La chasse aux trophées, qui consiste à tuer une bête afin d’exposer tout ou partie de sa dépouille, est un exemple frappant de cette folie humaine. Toujours avides d’embellir leur collection, les tueurs d’animaux sauvages favorisent des espèces rares et imposantes. Parmi elles : le zèbre de Hartmann, le léopard, l’ours – brun et noir –, le babouin chacma, l’hippopotame, le crocodile du Nil, le guépard… et le lion, roi de l’Afrique sauvage.

Cette forme particulière de chasse a été mise en lumière il y a un an par la traque illégale du lion Cecil, icône du parc national Hwange, au Zimbabwe. En juillet 2015, ce félin âgé de 13 ans fut abattu par un dentiste Américain qui l’avait attiré à l’extérieur de son habitat, puis pisté pendant quarante heures, avant de le tuer et de le décapiter. L’indignation, alimentée par la presse et les réseaux sociaux, fut mondiale – sans que le tueur soit pour autant inquiété par la justice du Zimbabwe, puisqu’il avait obtenu l’autorisation nécessaire.

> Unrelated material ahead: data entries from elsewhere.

definition filtration :: "'a measure \<Rightarrow> (nat \<Rightarrow> 'a measure) \<Rightarrow> bool" where
  "filtration M F \<longleftrightarrow> (\<forall>n. subalgebra M (F n)) \<and> (\<forall>n. sets (F n) \<subseteq> sets (F (Suc n)))"

definition martingale_from ::
  "'a measure \<Rightarrow> (nat \<Rightarrow> 'a measure) \<Rightarrow> nat \<Rightarrow> (nat \<Rightarrow> 'a \<Rightarrow> real) \<Rightarrow> bool" where
  "martingale_from M F k X \<longleftrightarrow>
     (\<forall>n\<ge>k. X n \<in> borel_measurable (F n) \<and> integrable M (X n)) \<and>
     (\<forall>n>k. AE \<omega> in M. real_cond_exp M (F (n - 1)) (X n) \<omega> = X (n - 1) \<omega>)"

end

theory Submission
  imports Defs
begin

text \<open>Write \<open>t = m/(m+1)\<close>. Then every Gamma argument in \<open>M\<^sub>n\<close> and \<open>c\<^sub>n\<close> has the
  form \<open>n + a + b t\<close>, so passing from \<open>n\<close> to \<open>n - 1\<close> lowers it by one, and the functional
  equation \<open>\<Gamma>(x + 1) = x \<Gamma>(x)\<close> yields the recursions \<open>M\<^sub>n A\<^sub>n = M\<^sub>n\<^sub>-\<^sub>1\<close> and
  \<open>M\<^sub>n (1,0)\<^sup>T + c\<^sub>n = c\<^sub>n\<^sub>-\<^sub>1\<close>. By linearity of conditional expectation,
  \<open>E[M\<^sub>n (W\<^sub>n,B\<^sub>n)\<^sup>T + c\<^sub>n | F\<^sub>n\<^sub>-\<^sub>1] = M\<^sub>n A\<^sub>n (W\<^sub>n\<^sub>-\<^sub>1,B\<^sub>n\<^sub>-\<^sub>1)\<^sup>T + M\<^sub>n (1,0)\<^sup>T + c\<^sub>n\<close>,
  which the recursions turn into \<open>M\<^sub>n\<^sub>-\<^sub>1 (W\<^sub>n\<^sub>-\<^sub>1,B\<^sub>n\<^sub>-\<^sub>1)\<^sup>T + c\<^sub>n\<^sub>-\<^sub>1\<close>.\<close>

lemma Gamma_real_plus1: "x > 0 \<Longrightarrow> Gamma ((x::real) + 1) = x * Gamma x"
  by (rule Gamma_plus1) (auto elim!: nonpos_Ints_cases)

Lire aussi : Derrière Cecil le lion, l’épineuse question de la chasse au trophée

Le lion d’Afrique risque ainsi de n’être bientôt plus qu’un mythe. Alors qu’on en comptait près de 200 000 il y a un siècle, seuls 20 000 sont recensés aujourd’hui. Sa population poursuit sa baisse : elle a diminué de 62 % entre 1993 et 2014 dans la plupart de ses zones de répartition, et n’occupe plus désormais que 8 % de son aire historique.

Réguler un commerce effréné

Menacé par les massacres commis par les populations locales, par le commerce des peaux, des os et autres parties de l’animal (pattes, griffes, crânes, queues, canines) qui appro­visionnent le marché de la médecine traditionnelle, le lion est aussi touché par le rétrécissement de son habitat et la raréfaction de ses proies. L’espèce est classée dans la catégorie « vulnérable » du ­dernier ­rapport de l’Union internationale pour la conservation de la nature (UICN), paru en 2015.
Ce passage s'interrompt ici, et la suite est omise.